**WHAT YOU HAVE TO DO:**
Go through the data and report how many lines include the word "with", giving only the number.

[Stored data]
▼

lemma doubling_attains_sup:
  assumes usc: "usc_in_t u" and lsc: "lsc_in_t v" and gu: "poly_growth u" and gv: "poly_growth v"
    and "K \<ge> 0" "\<delta> > 0" "\<epsilon> > 0"
    and t0: "t0 \<in> {0..1}" and pos: "doubling u v \<epsilon> \<delta> K y0 t0 t0 > 0"
  shows "\<exists>yb. \<exists>tb\<in>{0..1}. \<exists>sb\<in>{0..1}. \<forall>y. \<forall>t\<in>{0..1}. \<forall>s\<in>{0..1}.
           doubling u v \<epsilon> \<delta> K y t s \<le> doubling u v \<epsilon> \<delta> K yb tb sb"
proof -
  obtain Y where "finite Y" and Y_neg: "\<And>y t s. y \<notin> Y \<Longrightarrow> t \<in> {0..1} \<Longrightarrow> s \<in> {0..1} \<Longrightarrow>
      doubling u v \<epsilon> \<delta> K y t s < 0"
    using doubling_negative_off_finite[OF gu gv \<open>K \<ge> 0\<close> \<open>\<delta> > 0\<close>] \<open>\<epsilon> > 0\<close> by meson
  have "y0 \<in> Y" using Y_neg[OF _ t0 t0] pos by (meson less_asym)
  define g where "g y t s = (t - s)\<^sup>2 / (2 * \<epsilon>) + \<delta> * exp (- K * t) * cosh (real_of_int y)" for y t s
  have "continuous_on UNIV (\<lambda>(t, s). g y t s)" for y
    unfolding g_def case_prod_beta' by (intro continuous_intros) (use \<open>\<epsilon> > 0\<close> in auto)
  moreover have "doubling u v \<epsilon> \<delta> K y t s = u y t - v y s - g y t s" for y t s
    by (simp add: doubling_def g_def)
  ultimately obtain yb tb sb where b: "yb \<in> Y" "tb \<in> {0..1}" "sb \<in> {0..1}"
    and max_Y: "\<And>y t s. y \<in> Y \<Longrightarrow> t \<in> {0..1} \<Longrightarrow> s \<in> {0..1} \<Longrightarrow>
      doubling u v \<epsilon> \<delta> K y t s \<le> doubling u v \<epsilon> \<delta> K yb tb sb"
    using usc_minus_lsc_attains_sup[OF usc lsc \<open>finite Y\<close>, of g] \<open>y0 \<in> Y\<close> by (metis empty_iff)
  have "0 < doubling u v \<epsilon> \<delta> K yb tb sb" using max_Y[OF \<open>y0 \<in> Y\<close> t0 t0] pos by simp
  then have "doubling u v \<epsilon> \<delta> K y t s \<le> doubling u v \<epsilon> \<delta> K yb tb sb"
    if "t \<in> {0..1}" "s \<in> {0..1}" for y t s
  proof (cases "y \<in> Y")
    case False
    with Y_neg[OF _ that] \<open>0 < doubling u v \<epsilon> \<delta> K yb tb sb\<close> show ?thesis by fastforce
  qed (use max_Y[OF _ that] in blast)
  with b show ?thesis by blast
qed

lemma doubling_plus_quadratic_le:
  "\<delta> \<ge> 0 \<Longrightarrow> doubling u v \<epsilon> \<delta> K y t s + (t - s)\<^sup>2 / (2 * \<epsilon>) \<le> u y t - v y s"
  by (simp add: doubling_def)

▲

**SOLUTION BELOW:**
2